Quintana recupera aquel hecho en “La disputa de Barcelona” (Pagès editors), un libro muy bien documentado en el que describe someramente los argumentos teológicos esgrimidos por cada una de las partes (si se produjo la llegada del Mesías esperado por el pueblo judío, si Jesús puede considerado ese Mesías y si fue realmente hijo de Dios) y lo hace en su contexto histórico. Pero con el fin de hacerlos accesibles a cualquier tipo de lectores, les añade un elemento de ficción narrativa que gira en torno a tres crímenes, aparente y sospechosamente ligados a los intereses religiosos puestos en cuestión.

Resulta particularmente interesante la descripción de la sociedad catalano-aragonesa de aquellos tiempos, en los que existía una clase judía que ejercía funciones importantes en la corte o disponía de cuantiosos bienes como fruto de su actividad comercial y financiera, puesto que detentaba la concesión con intereses usurarios de préstamos e hipotecas -prohibidos por ley religiosa a los musulmanes y condicionados por la doctrina católica- lo que les granjeaba la envidia, cuando no la animadversión de muchos.
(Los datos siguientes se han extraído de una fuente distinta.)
lemma interior_convex_hull_exists_inner_gt:
  fixes S :: "'a::euclidean_space set"
  assumes "y \<in> interior (convex hull S)" "a \<noteq> 0"
  shows "\<exists>x\<in>S. a \<bullet> y < a \<bullet> x"
proof (rule ccontr)
  assume "\<not> ?thesis"
  then have "convex hull S \<subseteq> {x. a \<bullet> x \<le> a \<bullet> y}"
    by (intro hull_minimal) (auto simp: convex_halfspace_le not_less)
  then have "interior (convex hull S) \<subseteq> interior {x. a \<bullet> x \<le> a \<bullet> y}"
    by (rule interior_mono)
  also have "\<dots> = {x. a \<bullet> x < a \<bullet> y}"
    using assms(2) by (rule interior_halfspace_le)
  finally have "interior (convex hull S) \<subseteq> {x. a \<bullet> x < a \<bullet> y}" .
  with assms(1) show False by auto
qed

lemma cyclic_transition_exists:
  assumes "k < m" "P k" "j < m" "\<not> P j"
  shows "\<exists>p<m. P p \<and> \<not> P (Suc p mod m)"
proof (rule ccontr)
  assume step: "\<not> ?thesis"
  have "P ((k + n) mod m)" for n
  proof (induction n)
    case 0
    then show ?case using assms(1,2) by simp
  next
    case (Suc n)
    have "(k + n) mod m < m" using assms(1) by simp
    with step Suc.IH have "P (Suc ((k + n) mod m) mod m)" by blast
    then show ?case by (simp add: mod_Suc_eq)
  qed
  moreover have "(k + (j + m - k)) mod m = j" using assms(1,3) by simp
  ultimately show False using assms(4) by (metis (no_types))
qed

lemma arr_edge_on_subset_line:
  assumes "bounded_general_position l N" "arr_edge_on l N i u w"
  shows "closed_segment u w \<subseteq> l i"
proof (rule closed_segment_subset)
  show "u \<in> l i" "w \<in> l i" using assms(2) by (auto simp: arr_edge_on_def)
  show "convex (l i)"
    using assms bounded_general_position_is_line is_line_convex by (simp add: arr_edge_on_def)
qed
A los monarcas -tenedores de muchos créditos otorgados por los financieros judíos- les correspondía ejercer un difícil equilibrio entre este colectivo, que le era muy fiel, y el latente antisemitismo de sus súbditos cristianos y de los papas, así como la animadversión de la nobleza local cuyos privilegios había restringido notablemente. El autor valora positivamente esta equidistancia del monarca, pero también critica su carácter indeciso, manifestado en la promulgación de una legislación contradictoria en favor o desfavor de los judíos según las presiones recibidas en cada momento para, finalmente, achacar su sometimiento a Roma con el fin de hacerse perdonar la crueldad que había cometido con el obispo de Gerona y evitar de este modo la excomunión.
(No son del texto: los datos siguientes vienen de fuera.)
(* For every $n\geq 2$, let $D_n^2$ be the random variable that chooses independently a pair of trees $T,T'\in\mathcal{T}_n$ and computes $d_{\varphi,2}(T,T')^2$. Under the uniform model its expected value is $$E_U(D_n^2)=\frac{1}{3}(4n^3+18n^2-10n)-\frac{n(n+3)}{2}\cdot\frac{(2n-2)!!}{(2n-3)!!}-\frac{n(n+7)}{4}\left(\frac{(2n-2)!!}{(2n-3)!!}\right)^2.$$
   Context: A phylogenetic tree with $n$ leaves is a fully resolved (binary) rooted tree, viewed as a directed graph with arcs pointing away from the root, whose leaves are bijectively labeled by $\{1,\dots,n\}$; $\mathcal{T}_n$ denotes the set of all such trees (up to label-preserving isomorphism); $|\mathcal{T}_n|=(2n-3)!!$. The depth $\delta_T(v)$ of a node is the number of arcs from the root to it. For leaves $i\neq j$, $\varphi_T(i,j)$ is the depth of the lowest common ancestor of $i$ and $j$, and $\varphi_T(i,i)=\delta_T(i)$. The euclidean cophenetic metric is $d_{\varphi,2}(T_1,T_2)=\sqrt{\sum_{1\le i\le j\le n}(\varphi_{T_1}(i,j)-\varphi_{T_2}(i,j))^2}$. The uniform model gives each $T\in\mathcal{T}_n$ probability $1/(2n-3)!!$, and the two trees are chosen independently. Here $(2m-1)!!=(2m-1)(2m-3)\cdots 3\cdot 1$ and $(2m)!!=(2m)(2m-2)\cdots 2$, with $0!!=1$. *)

theory Defs
  imports Complex_Main
begin

text \<open>Rooted binary trees with labelled leaves (ordered representation;
  phylogenetic trees are the classes modulo swapping children).\<close>
datatype ptree = Leaf nat | Node ptree ptree

fun leaves :: "ptree \<Rightarrow> nat list" where
  "leaves (Leaf i) = [i]"
| "leaves (Node a b) = leaves a @ leaves b"

definition valid_tree :: "nat \<Rightarrow> ptree \<Rightarrow> bool" where
  "valid_tree n t \<longleftrightarrow> distinct (leaves t) \<and> set (leaves t) = {1..n}"

inductive tree_iso :: "ptree \<Rightarrow> ptree \<Rightarrow> bool" where
  iso_leaf: "tree_iso (Leaf i) (Leaf i)"
| iso_same: "tree_iso a a' \<Longrightarrow> tree_iso b b' \<Longrightarrow> tree_iso (Node a b) (Node a' b')"
| iso_swap: "tree_iso a b' \<Longrightarrow> tree_iso b a' \<Longrightarrow> tree_iso (Node a b) (Node a' b')"

definition phylo_trees :: "nat \<Rightarrow> ptree set set" where
  "phylo_trees n = {t. valid_tree n t} // {(s, t). tree_iso s t}"

fun leaf_depth :: "ptree \<Rightarrow> nat \<Rightarrow> nat" where
  "leaf_depth (Leaf j) i = 0"
| "leaf_depth (Node a b) i =
     1 + (if i \<in> set (leaves a) then leaf_depth a i else leaf_depth b i)"

fun lca_depth :: "ptree \<Rightarrow> nat \<Rightarrow> nat \<Rightarrow> nat" where
  "lca_depth (Leaf k) i j = 0"
| "lca_depth (Node a b) i j =
     (if i \<in> set (leaves a) \<and> j \<in> set (leaves a) then 1 + lca_depth a i j
      else if i \<in> set (leaves b) \<and> j \<in> set (leaves b) then 1 + lca_depth b i j
      else 0)"

definition cophenetic :: "ptree \<Rightarrow> nat \<Rightarrow> nat \<Rightarrow> nat" where
  "cophenetic t i j = (if i = j then leaf_depth t i else lca_depth t i j)"

definition coph_dist_sq :: "nat \<Rightarrow> ptree \<Rightarrow> ptree \<Rightarrow> real" where
  "coph_dist_sq n t1 t2 =
     (\<Sum>i=1..n. \<Sum>j=i..n. (real (cophenetic t1 i j) - real (cophenetic t2 i j))^2)"

definition rep :: "ptree set \<Rightarrow> ptree" where
  "rep C = (SOME t. t \<in> C)"

definition expected_D2_uniform :: "nat \<Rightarrow> real" where
  "expected_D2_uniform n =
     (\<Sum>C\<in>phylo_trees n. \<Sum>D\<in>phylo_trees n. coph_dist_sq n (rep C) (rep D))
       / (real (card (phylo_trees n)))^2"

fun dfact :: "nat \<Rightarrow> nat" where
  "dfact 0 = 1"
| "dfact (Suc 0) = 1"
| "dfact (Suc (Suc m)) = Suc (Suc m) * dfact m"

end

theory Submission
  imports Defs
begin

(* Each phylogenetic tree on {1..n} has exactly 2^(n-1) ordered representatives, so the uniform
   expectation may be taken over ordered trees, where it equals 2 * \<Sum>_{i\<le>j} Var \<phi>(i,j).
   Every ordered tree on L \<union> {x} arises exactly once by grafting x, on either side, onto one of
   the 2|L| - 2 arcs of an ordered tree on L or onto a new edge above its root.  Such a graft pushes the lowest
   common ancestor of i and j one level down iff it lands on one of the arcs above it; this gives
   linear recurrences in |L| for the first two moments of \<phi>(i,j), whose solutions are affine in
   r_m = (2m-2)!!/(2m-3)!!, since r_(m+1) (2m-1) = 2m r_m. *)

fun leaf_insertions :: "nat \<Rightarrow> ptree \<Rightarrow> ptree list" where
  "leaf_insertions x (Leaf i) = [Node (Leaf i) (Leaf x), Node (Leaf x) (Leaf i)]"
| "leaf_insertions x (Node a b) =
     [Node (Node a b) (Leaf x), Node (Leaf x) (Node a b)]
     @ map (\<lambda>a'. Node a' b) (leaf_insertions x a) @ map (\<lambda>b'. Node a b') (leaf_insertions x b)"

fun remove_leaf :: "nat \<Rightarrow> ptree \<Rightarrow> ptree" where
  "remove_leaf x (Leaf i) = Leaf i"
| "remove_leaf x (Node a b) =
     (if a = Leaf x then b else if b = Leaf x then a
      else if x \<in> set (leaves a) then Node (remove_leaf x a) b else Node a (remove_leaf x b))"

lemma leaves_nonempty: "leaves t \<noteq> []"
  by (induct t) auto

lemma length_leaves: "length (leaves t) = Suc (size t)"
  by (induct t) auto

lemma length_leaf_insertions: "length (leaf_insertions x t) = 2 * (2 * size t + 1)"
  by (induct t) auto

lemma leaf_insertions_Node: "u \<in> set (leaf_insertions x t) \<Longrightarrow> \<exists>p q. u = Node p q"
  by (induct t) auto

lemma leaves_leaf_insertions:
  "u \<in> set (leaf_insertions x t) \<Longrightarrow> set (leaves u) = insert x (set (leaves t))"
  by (induct t arbitrary: u) auto

lemma distinct_leaves_leaf_insertions:
  "u \<in> set (leaf_insertions x t) \<Longrightarrow> distinct (leaves t) \<Longrightarrow> x \<notin> set (leaves t)
   \<Longrightarrow> distinct (leaves u)"
  by (induct t arbitrary: u) (fastforce dest: leaves_leaf_insertions)+

lemma remove_leaf_leaf_insertions:
  "x \<notin> set (leaves t) \<Longrightarrow> u \<in> set (leaf_insertions x t) \<Longrightarrow> remove_leaf x u = t"
  by (induct t arbitrary: u) (fastforce dest: leaves_leaf_insertions leaf_insertions_Node)+

lemma distinct_leaf_insertions: "x \<notin> set (leaves t) \<Longrightarrow> distinct (leaf_insertions x t)"
  by (induct t) (auto simp: distinct_map inj_on_def dest: leaves_leaf_insertions leaf_insertions_Node)

lemma graft_at_root:
  "Node t (Leaf x) \<in> set (leaf_insertions x t) \<and> Node (Leaf x) t \<in> set (leaf_insertions x t)"
  by (cases t) auto

lemma remove_leaf_correct:
  "distinct (leaves u) \<Longrightarrow> x \<in> set (leaves u) \<Longrightarrow> u \<noteq> Leaf x \<Longrightarrow>
   u \<in> set (leaf_insertions x (remove_leaf x u)) \<and>
   set (leaves (remove_leaf x u)) = set (leaves u) - {x} \<and> distinct (leaves (remove_leaf x u))"
proof (induct u)
  case (Node a b)
  then show ?case
    using graft_at_root[of a x] graft_at_root[of b x]
    by (cases "a = Leaf x"; cases "b = Leaf x"; cases "x \<in> set (leaves a)") auto
qed simp

definition trees_on :: "nat set \<Rightarrow> ptree set" where
  "trees_on L = {t. distinct (leaves t) \<and> set (leaves t) = L}"

lemma trees_on_singleton: "trees_on {x} = {Leaf x}"
proof -
  have "t = Leaf x" if "distinct (leaves t)" "set (leaves t) = {x}" for t
    using that length_leaves[of t] distinct_card[OF that(1)] by (cases t) auto
  then show ?thesis by (auto simp: trees_on_def)
qed

lemma trees_on_insert:
  assumes "x \<notin> L" "L \<noteq> {}"
  shows "trees_on (insert x L) = (\<Union>t\<in>trees_on L. set (leaf_insertions x t))"
proof
  show "(\<Union>t\<in>trees_on L. set (leaf_insertions x t)) \<subseteq> trees_on (insert x L)"
    using leaves_leaf_insertions distinct_leaves_leaf_insertions assms
    by (fastforce simp: trees_on_def)
  show "trees_on (insert x L) \<subseteq> (\<Union>t\<in>trees_on L. set (leaf_insertions x t))"
  proof
    fix u assume u: "u \<in> trees_on (insert x L)"
    then have "u \<noteq> Leaf x" using assms by (auto simp: trees_on_def)
    with u have "remove_leaf x u \<in> trees_on L" "u \<in> set (leaf_insertions x (remove_leaf x u))"
      using remove_leaf_correct assms by (auto simp: trees_on_def)
    then show "u \<in> (\<Union>t\<in>trees_on L. set (leaf_insertions x t))" by blast
  qed
qed

lemma finite_trees_on: "finite L \<Longrightarrow> finite (trees_on L)"
proof (induct L rule: finite_induct)
  case empty
  then show ?case using leaves_nonempty by (simp add: trees_on_def)
next
  case (insert x L)
  then show ?case by (cases "L = {}") (simp_all add: trees_on_singleton trees_on_insert)
qed

lemma trees_on_nonempty: "finite L \<Longrightarrow> L \<noteq> {} \<Longrightarrow> trees_on L \<noteq> {}"
proof (induct L rule: finite_induct)
  case (insert x L)
  show ?case
  proof (cases "L = {}")
    case False
    then obtain t where "t \<in> trees_on L" using insert by blast
    then show ?thesis using graft_at_root[of t x] insert False by (auto simp: trees_on_insert)
  qed (simp add: trees_on_singleton)
qed simp

lemma sum_trees_on_insert:
  assumes "finite L" "x \<notin> L" "L \<noteq> {}"
  shows "(\<Sum>u\<in>trees_on (insert x L). f u) = (\<Sum>t\<in>trees_on L. \<Sum>u\<leftarrow>leaf_insertions x t. f u)"
proof -
  have "\<forall>s\<in>trees_on L. \<forall>t\<in>trees_on L. s \<noteq> t \<longrightarrow>
          set (leaf_insertions x s) \<inter> set (leaf_insertions x t) = {}"
    using remove_leaf_leaf_insertions assms(2) unfolding trees_on_def by blast
  then have "(\<Sum>u\<in>trees_on (insert x L). f u) = (\<Sum>t\<in>trees_on L. \<Sum>u\<in>set (leaf_insertions x t). f u)"
    unfolding trees_on_insert[OF assms(2,3)]
    using finite_trees_on assms by (intro sum.UNION_disjoint) auto
  also have "\<dots> = (\<Sum>t\<in>trees_on L. \<Sum>u\<leftarrow>leaf_insertions x t. f u)"
    using distinct_leaf_insertions assms(2)
    by (intro sum.cong refl) (auto simp: trees_on_def sum_list_distinct_conv_sum_set)
  finally show ?thesis .
qed

(* Of the 2 (2 size t + 1) grafts, the 2 (d + 1) onto the arcs above the lowest common ancestor
   of i and j, at depth d, push it one level down; all others leave it in place. *)
lemma sum_leaf_insertions_lca_depth:
  fixes g :: "nat \<Rightarrow> real"
  assumes "x \<notin> set (leaves t)" "distinct (leaves t)" "i \<in> set (leaves t)" "j \<in> set (leaves t)"
  shows "(\<Sum>u\<leftarrow>leaf_insertions x t. g (lca_depth u i j)) =
    2 * (2 * real (size t) - real (lca_depth t i j)) * g (lca_depth t i j)
    + 2 * (real (lca_depth t i j) + 1) * g (Suc (lca_depth t i j))"
  using assms
proof (induct t arbitrary: g)
  case (Node a b)
  have ij: "i \<noteq> x" "j \<noteq> x" using Node.prems by auto
  have in_a: "u \<in> set (leaf_insertions x a) \<Longrightarrow> y \<in> set (leaves u) \<longleftrightarrow> y = x \<or> y \<in> set (leaves a)"
    for u y using leaves_leaf_insertions by blast
  have in_b: "u \<in> set (leaf_insertions x b) \<Longrightarrow> y \<in> set (leaves u) \<longleftrightarrow> y = x \<or> y \<in> set (leaves b)"
    for u y using leaves_leaf_insertions by blast
  consider (left) "i \<in> set (leaves a)" "j \<in> set (leaves a)"
    | (right) "i \<in> set (leaves b)" "j \<in> set (leaves b)"
    | (split) "lca_depth (Node a b) i j = 0"
    by fastforce
  then show ?case
  proof cases
    case left
    have sums: "(\<Sum>u\<leftarrow>leaf_insertions x a. g (lca_depth (Node u b) i j))
        = (\<Sum>u\<leftarrow>leaf_insertions x a. g (Suc (lca_depth u i j)))"
      "(\<Sum>u\<leftarrow>leaf_insertions x b. g (lca_depth (Node a u) i j))
        = (\<Sum>u\<leftarrow>leaf_insertions x b. g (Suc (lca_depth a i j)))"
      using left by (auto intro!: arg_cong[of _ _ sum_list] map_cong simp: in_a)
    show ?thesis
      using Node.hyps(1)[of "\<lambda>d. g (Suc d)"] Node.prems left ij
      by (simp only: leaf_insertions.simps map_append map_map o_def sum_list_append sums)
        (simp add: sum_list_triv length_leaf_insertions algebra_simps)
  next
    case right
    then have "i \<notin> set (leaves a)" using Node.prems by auto
    have sums: "(\<Sum>u\<leftarrow>leaf_insertions x a. g (lca_depth (Node u b) i j))
        = (\<Sum>u\<leftarrow>leaf_insertions x a. g (Suc (lca_depth b i j)))"
      "(\<Sum>u\<leftarrow>leaf_insertions x b. g (lca_depth (Node a u) i j))
        = (\<Sum>u\<leftarrow>leaf_insertions x b. g (Suc (lca_depth u i j)))"
      using right \<open>i \<notin> set (leaves a)\<close> ij
      by (auto intro!: arg_cong[of _ _ sum_list] map_cong simp: in_a in_b)
    show ?thesis
      using Node.hyps(2)[of "\<lambda>d. g (Suc d)"] Node.prems right \<open>i \<notin> set (leaves a)\<close> ij
      by (simp only: leaf_insertions.simps map_append map_map o_def sum_list_append sums)
        (simp add: sum_list_triv length_leaf_insertions algebra_simps)
  next
    case split
    then have "\<not> (i \<in> set (leaves a) \<and> j \<in> set (leaves a))"
      "\<not> (i \<in> set (leaves b) \<and> j \<in> set (leaves b))"
      by (auto split: if_splits)
    then have sums: "(\<Sum>u\<leftarrow>leaf_insertions x a. g (lca_depth (Node u b) i j))
        = (\<Sum>u\<leftarrow>leaf_insertions x a. g 0)"
      "(\<Sum>u\<leftarrow>leaf_insertions x b. g (lca_depth (Node a u) i j))
        = (\<Sum>u\<leftarrow>leaf_insertions x b. g 0)"
      using ij by (auto intro!: arg_cong[of _ _ sum_list] map_cong simp: in_a in_b)
    show ?thesis
      using split Node.prems ij
      by (simp only: leaf_insertions.simps map_append map_map o_def sum_list_append sums)
        (simp add: sum_list_triv length_leaf_insertions algebra_simps)
  qed
qed simp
Como en toda novela hay un personaje bueno y otro malo, en este caso el primero es el rabino gerundense, al que se consideró vencedor moral en la controversia teológica, habida cuenta la sabia argumentación que utilizó, basada en el profundo conocimiento de los textos veterotestamentarios -cuyos argumentos fueron arteramente manipulados en el acta notarial oficial- mientras que el segundo es Raimon de Penyafort -y con él, el converso Pau Cristià y en general los dominicos y franciscanos, adalides de la ortodoxia católica-  al que se retrata como un furibundo antisemita capaz de utilizar herramientas indignas con el fin de ridiculizar a los discrepantes que no aceptaban bautizarse.